Start of Records for the task

(* Let $X$ be a universally octahedral real Banach space. Then for every $\varepsilon>0$, every finite dimensional subspace $Z$ of $X$ and every $n\in\mathbb N$ there exists a linear operator $T:\ell_\infty^n\to X$ with $\|T\|\le 1$ such that $$\|z+T(y)\|\ge(1-\varepsilon)(\|z\|+\|y\|)$$ for every $y\in\ell_\infty^n$ and every $z\in Z$. (In fact it suffices to assume that $L(\ell_p^n,X)$ is octahedral for every $n\in\mathbb N$ and every $1<p<\infty$.)
   Context: All Banach spaces are real. $L(Y,X)$ denotes the space of bounded linear operators from $Y$ to $X$ with the operator norm. A Banach space $W$ is octahedral if for every finite dimensional subspace $E$ of $W$ and every $\varepsilon>0$ there exists $y\in W$, $\|y\|=1$, with $\|x+\lambda y\|\ge(1-\varepsilon)(\|x\|+|\lambda|)$ for all $x\in E$, $\lambda\in\mathbb R$. A Banach space $X$ is universally octahedral if $L(Y,X)$ is octahedral for every non-zero Banach space $Y$. $\ell_p^n$ is $\mathbb R^n$ with the $p$-norm. *)

theory Defs
  imports "HOL-Analysis.Analysis"
begin

definition lp_norm :: "real \<Rightarrow> nat \<Rightarrow> (nat \<Rightarrow> real) \<Rightarrow> real" where
  "lp_norm p n a = (\<Sum>i<n. \<bar>a i\<bar> powr p) powr (1 / p)"

text \<open>An operator T : l_p^n -> X is represented by the images x i = T e_i (i < n),
  with x i = 0 for i >= n. Its operator norm:\<close>
definition lp_opnorm :: "real \<Rightarrow> nat \<Rightarrow> (nat \<Rightarrow> 'a::real_normed_vector) \<Rightarrow> real" where
  "lp_opnorm p n x = (SUP a \<in> {a. lp_norm p n a \<le> 1}. norm (\<Sum>i<n. a i *\<^sub>R x i))"

text \<open>Carrier of L(l_p^n, X) in this representation.\<close>
definition Lspace :: "nat \<Rightarrow> (nat \<Rightarrow> 'a::real_normed_vector) set" where
  "Lspace n = {x. \<forall>i\<ge>n. x i = 0}"

text \<open>L(l_p^n, X) is octahedral: for every finite dimensional subspace E (spanned by
  B 0, ..., B (k-1)) and every eps > 0 there is a norm one y with
  ||x + l y|| >= (1 - eps)(||x|| + |l|) for all x in E and real l.\<close>
definition octahedral_Lp :: "'a::real_normed_vector itself \<Rightarrow> real \<Rightarrow> nat \<Rightarrow> bool" where
  "octahedral_Lp (_::'a itself) p n \<longleftrightarrow>
     (\<forall>(k::nat) (B :: nat \<Rightarrow> nat \<Rightarrow> 'a) (\<epsilon>::real).
        \<epsilon> > 0 \<and> (\<forall>j<k. B j \<in> Lspace n) \<longrightarrow>
        (\<exists>y \<in> Lspace n. lp_opnorm p n y = 1 \<and>
           (\<forall>(c :: nat \<Rightarrow> real) (l::real).
              lp_opnorm p n (\<lambda>i. (\<Sum>j<k. c j *\<^sub>R B j i) + l *\<^sub>R y i)
                \<ge> (1 - \<epsilon>) * (lp_opnorm p n (\<lambda>i. \<Sum>j<k. c j *\<^sub>R B j i) + \<bar>l\<bar>))))"

definition linf_norm :: "real ^ 'n::finite \<Rightarrow> real" where
  "linf_norm y = Max (range (\<lambda>i. \<bar>y $ i\<bar>))"

end

theory Submission
  imports Defs
begin

text \<open>Write \<open>N\<close> for the dimension \<open>n\<close> and take an even exponent \<open>p = 2m\<close> so large that
  \<open>N\<^sup>1\<^sup>/\<^sup>p \<le> 1 + \<epsilon>/2\<close>; then \<open>\<parallel>y\<parallel>\<^sub>\<infinity> \<le> \<parallel>y\<parallel>\<^sub>p \<le> N\<^sup>1\<^sup>/\<^sup>p \<parallel>y\<parallel>\<^sub>\<infinity>\<close>. Octahedrality of
  \<open>L(\<ell>\<^sub>p\<^sup>N, X)\<close>, applied to the finite dimensional space of rank one operators \<open>\<phi> \<otimes> w\<close> with
  \<open>w\<close> in a finite dimensional \<open>F \<supseteq> Z\<close>, gives a norm one \<open>g : \<ell>\<^sub>p\<^sup>N \<rightarrow> X\<close> with
  \<open>\<parallel>\<phi> \<otimes> w + l g\<parallel> \<ge> (1 - \<delta>)(\<parallel>\<phi> \<otimes> w\<parallel> + |l|)\<close>. For a unit vector \<open>u\<close> of \<open>\<ell>\<^sub>p\<^sup>N\<close> choose
  \<open>\<phi> = u\<^sup>p\<^sup>-\<^sup>1\<close>, the functional norming \<open>u\<close>: a vector \<open>a\<close> nearly norming \<open>\<phi> \<otimes> w + l g\<close> nearly
  attains \<open>\<phi>\<close>, so by uniform convexity of \<open>\<ell>\<^sub>p\<^sup>N\<close> it is close to \<open>u\<close>, and therefore
  \<open>\<parallel>w + l g(u)\<parallel> \<ge> (1 - \<kappa>)(\<parallel>w\<parallel> + l)\<close>. The operator \<open>T = N\<^sup>-\<^sup>1\<^sup>/\<^sup>p g\<close>, restricted to
  \<open>\<ell>\<^sub>\<infinity>\<^sup>N \<subseteq> \<ell>\<^sub>p\<^sup>N\<close>, then does the job.\<close>

section \<open>Convexity of even powers and uniform convexity of \<open>\<ell>\<^sub>2\<^sub>m\<^sup>n\<close>\<close>

lemma odd_power_strict_mono:
  fixes x y :: real
  assumes "odd n" "x < y"
  shows "x ^ n < y ^ n"
proof -
  have "x ^ n \<le> y ^ n" using assms by (intro power_mono_odd) auto
  moreover have "x ^ n \<noteq> y ^ n"
    using assms odd_real_root_power_cancel[of n x] odd_real_root_power_cancel[of n y] by auto
  ultimately show ?thesis by simp
qed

End of Records for the task

▸ What to work on:
Examine the records and pull out every line where the string "imports" occurs.

▸ Completed task:
  imports "HOL-Analysis.Analysis"
  imports Defs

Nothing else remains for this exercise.